# update sour diesel/blueberry



## weedy69 (Nov 5, 2006)

here a few pics of my sour diesel and blueberry plants.
the sour diesel keeps surprising me how big the buds grow.
one is almost as thick as a soda can ( sorry if i write it wrong coz im just a simple weed grower from holland )
the blueberry's are growing good too , looking forward how they taste.

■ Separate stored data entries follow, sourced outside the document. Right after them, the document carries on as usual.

lemma edge_type_in_chemical_edge_types:
  assumes "simple_graph V E" "connected_graph V E" "3 \<le> card V" "\<forall>v\<in>V. deg E v \<le> 4" "e \<in> E"
  shows "edge_type E e \<in> chemical_edge_types"
proof -
  obtain u v where uv: "e = {u, v}" "u \<noteq> v" "u \<in> V" "v \<in> V"
    using assms(1,5) by (auto elim: simple_graph_edgeE)
  have "1 \<le> deg E u" "1 \<le> deg E v" using connected_deg_pos[OF assms(1,2)] assms(3) uv by auto
  moreover have "deg E u \<le> 4" "deg E v \<le> 4" using assms(4) uv by auto
  moreover have "\<not> (deg E u = 1 \<and> deg E v = 1)"
  proof
    assume "deg E u = 1 \<and> deg E v = 1"
    then have "V \<subseteq> {u, v}" using connected_leaf_edge_spans[OF assms(2)] uv assms(5) by auto
    then have "card V \<le> 2" using card_mono[of "{u, v}" V] uv(2) by simp
    then show False using assms(3) by simp
  qed
  ultimately show ?thesis unfolding uv edge_type_doubleton chemical_edge_types_def by auto
qed

lemma in_CB_edge_types:
  assumes "in_CB n V E" "3 \<le> n"
  shows "\<forall>e\<in>E. edge_type E e \<in> chemical_edge_types"
  using assms edge_type_in_chemical_edge_types[of V E]
  unfolding in_CB_def chemical_bicyclic_def by auto

definition bicyclic_degree_profile :: "nat \<Rightarrow> (nat \<Rightarrow> nat) \<Rightarrow> (nat \<Rightarrow> nat \<Rightarrow> nat) \<Rightarrow> bool" where
  "bicyclic_degree_profile n N m \<longleftrightarrow>
     N 1 + N 2 + N 3 + N 4 = n \<and>
     m 1 2 + m 1 3 + m 1 4 + m 2 2 + m 2 3 + m 2 4 + m 3 3 + m 3 4 + m 4 4 = n + 1 \<and>
     N 1 = m 1 2 + m 1 3 + m 1 4 \<and>
     2 * N 2 = m 1 2 + 2 * m 2 2 + m 2 3 + m 2 4 \<and>
     3 * N 3 = m 1 3 + m 2 3 + 2 * m 3 3 + m 3 4 \<and>
     4 * N 4 = m 1 4 + m 2 4 + m 3 4 + 2 * m 4 4 \<and>
     m 3 3 \<le> N 3 choose 2 \<and> m 4 4 \<le> N 4 choose 2"

lemma in_CB_degree_profile:
  assumes cb: "in_CB n V E" and n: "3 \<le> n"
  shows "bicyclic_degree_profile n (nvert V E) (medge E)"
proof -
  have sg: "simple_graph V E" and conn: "connected_graph V E"
    and cV: "card V = n" and cE: "card E = n + 1" and deg4: "\<forall>v\<in>V. deg E v \<le> 4"
    using cb unfolding in_CB_def chemical_bicyclic_def by auto
  note by_type = sum_edges_by_type[OF sg finite_chemical_edge_types
      in_CB_edge_types[OF cb n] chemical_edge_types_ordered]
  note handshake = nvert_handshake[OF sg finite_chemical_edge_types
      in_CB_edge_types[OF cb n] chemical_edge_types_ordered]
  have "card E = (\<Sum>(i, j)\<in>chemical_edge_types. medge E i j)"
    using by_type[of "\<lambda>_. 1 :: nat"] by simp
  then have edges: "medge E 1 2 + medge E 1 3 + medge E 1 4 + medge E 2 2 + medge E 2 3
      + medge E 2 4 + medge E 3 3 + medge E 3 4 + medge E 4 4 = n + 1"
    by (simp add: cE sum_chemical_edge_types)
  have "deg E ` V \<subseteq> {1..4}"
    using connected_deg_pos[OF sg conn] deg4 cV n by fastforce
  then have "card V = (\<Sum>i\<in>{1..4}. nvert V E i)"
    using sg by (intro card_eq_sum_nvert) (auto simp: simple_graph_def)
  then have vertices: "nvert V E 1 + nvert V E 2 + nvert V E 3 + nvert V E 4 = n"
    by (simp add: cV numeral_eq_Suc)
  show ?thesis
    unfolding bicyclic_degree_profile_def
    using edges vertices handshake[of 1] handshake[of 2] handshake[of 3] handshake[of 4]
      medge_diag_le_choose[OF sg]
    by (simp add: sum_chemical_edge_types)
qed

section \<open>The excess of the reduced Sombor index over \<open>(n + 1)\<surd>2\<close>\<close>

definition sombor_excess :: "(nat \<Rightarrow> nat \<Rightarrow> nat) \<Rightarrow> real" where
  "sombor_excess m = (\<Sum>(i, j)\<in>chemical_edge_types. real (m i j) * (sombor_weight i j - sqrt 2))"

lemma SO_red_eq_sombor_excess:
  assumes cb: "in_CB n V E" and n: "3 \<le> n"
  shows "SO_red E = sombor_excess (medge E) + (real n + 1) * sqrt 2"
proof -
  have sg: "simple_graph V E" and cE: "card E = n + 1"
    using cb unfolding in_CB_def chemical_bicyclic_def by auto
  note by_type = sum_edges_by_type[OF sg finite_chemical_edge_types
      in_CB_edge_types[OF cb n] chemical_edge_types_ordered]
  have "SO_red E = (\<Sum>(i, j)\<in>chemical_edge_types. real (medge E i j) * sombor_weight i j)"
    using SO_red_eq_sum_edge_type[OF sg] by_type[of "case_prod sombor_weight"] by simp
  moreover have "real n + 1 = (\<Sum>(i, j)\<in>chemical_edge_types. real (medge E i j))"
    using by_type[of "\<lambda>_. 1 :: real"] cE by simp
  ultimately show ?thesis
    unfolding sombor_excess_def
    by (simp add: right_diff_distrib sum_subtractf sum_distrib_right case_prod_beta)
qed

lemma sqrt_eq_mult_sqrt_2: "sqrt (real (k\<^sup>2 * 2)) = real k * sqrt 2"
  by (simp add: real_sqrt_mult)

lemma sombor_excess_eq:
  "sombor_excess m = real (m 1 2) * (1 - sqrt 2) + real (m 1 3) * (2 - sqrt 2)
     + real (m 1 4) * (3 - sqrt 2) + real (m 2 3) * (sqrt 5 - sqrt 2)
     + real (m 2 4) * (sqrt 10 - sqrt 2) + real (m 3 3) * sqrt 2
     + real (m 3 4) * (sqrt 13 - sqrt 2) + real (m 4 4) * (2 * sqrt 2)"
proof -
  have "sqrt 8 = 2 * sqrt 2" "sqrt 18 = 3 * sqrt 2"
    using sqrt_eq_mult_sqrt_2[of 2] sqrt_eq_mult_sqrt_2[of 3] by simp_all
  then show ?thesis
    unfolding sombor_excess_def sum_chemical_edge_types
    by (simp add: sombor_weight_def algebra_simps)
qed

text \<open>The classes are pinned down by the counts \<open>m\<^sub>i\<^sub>j\<close> other than \<open>m\<^sub>2\<^sub>2\<close>;
  \<open>m\<^sub>2\<^sub>2\<close> and the \<open>n\<^sub>i\<close> then follow from the degree profile.\<close>

definition beta2_edges :: "(nat \<Rightarrow> nat \<Rightarrow> nat) \<Rightarrow> bool" where
  "beta2_edges m \<longleftrightarrow> m 1 2 = 0 \<and> m 1 3 = 0 \<and> m 1 4 = 0 \<and> m 2 3 = 4 \<and> m 2 4 = 0 \<and>
     m 3 3 = 1 \<and> m 3 4 = 0 \<and> m 4 4 = 0"

definition beta3_edges :: "(nat \<Rightarrow> nat \<Rightarrow> nat) \<Rightarrow> bool" where
  "beta3_edges m \<longleftrightarrow> m 1 2 = 0 \<and> m 1 3 = 0 \<and> m 1 4 = 0 \<and> m 2 3 = 6 \<and> m 2 4 = 0 \<and>
     m 3 3 = 0 \<and> m 3 4 = 0 \<and> m 4 4 = 0"

definition beta9_edges :: "(nat \<Rightarrow> nat \<Rightarrow> nat) \<Rightarrow> bool" where
  "beta9_edges m \<longleftrightarrow> m 1 2 = 1 \<and> m 1 3 = 0 \<and> m 1 4 = 0 \<and> m 2 3 = 3 \<and> m 2 4 = 0 \<and>
     m 3 3 = 3 \<and> m 3 4 = 0 \<and> m 4 4 = 0"
lemma sum_le_integral_antimono:
  fixes f :: "real \<Rightarrow> real" and h :: real and N :: nat
  assumes "0 < h" "f integrable_on {0..real N * h}"
    and "\<And>u v. 0 < u \<Longrightarrow> u \<le> v \<Longrightarrow> f v \<le> f u"
  shows "h * (\<Sum>j=1..N. f (real j * h)) \<le> integral {0..real N * h} f"
  using assms(2)
proof (induction N)
  case 0
  then show ?case
    by simp
next
  case (Suc n)
  define A where "A = real n * h"
  define B where "B = real (Suc n) * h"
  have AB: "0 \<le> A" "A \<le> B" "B - A = h"
    unfolding A_def B_def using assms(1) by (auto simp: algebra_simps)
  have f: "f integrable_on {0..B}"
    using Suc.prems unfolding B_def .
  have "h * (\<Sum>j=1..n. f (real j * h)) \<le> integral {0..A} f"
    using Suc.IH integrable_subinterval_real[OF f] AB unfolding A_def by auto
  moreover have "h * f B \<le> integral {A..B} f"
  proof -
    have "integral {A<..<B} (\<lambda>_. f B) \<le> integral {A<..<B} f"
      using AB integrable_subinterval_real[OF f, of A B]
      by (intro integral_le assms(3)) (auto simp: integrable_on_open_interval_real)
    then show ?thesis
      using AB by (simp flip: integral_open_interval_real)
  qed
  moreover have "integral {0..A} f + integral {A..B} f = integral {0..B} f"
    using AB by (intro Henstock_Kurzweil_Integration.integral_combine f)
  ultimately show ?case
    unfolding B_def A_def by (simp add: algebra_simps)
qed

ok thats it for now folks.

Big Al


----------



## vitocorleone (Nov 5, 2006)

Very naice.....Like the BB......


----------



## THE BROTHER'S GRUNT (Nov 6, 2006)

*Whats up weedy69. Man those ladies look nice. Did you harvest them yet? *


----------



## weedy69 (Nov 6, 2006)

hey grunt brothers

no i did not harvest them yet , still have like 2 weeks to go , let them get bigger. ill keep you posted.


----------



## THE BROTHER'S GRUNT (Nov 6, 2006)

weedy69 said:
			
		

> hey grunt brothers
> 
> no i did not harvest them yet , still have like 2 weeks to go , let them get bigger. ill keep you posted.


*Damn man with 2 weeks left those ladies are gonna be huge but there's nothing wrong with huge ladies now is there.  *


----------



## Nathan (Nov 8, 2006)

man, those are gorgeous man, can't wait for an update and harvest pics.


----------



## DLtoker (Jan 12, 2007)

I thought the yeild on the sour diesel wasn't good at all... But it looks as if you proved that thought wrong.  How much did you end up pulling off one of the sour's and how long did you veg for?


----------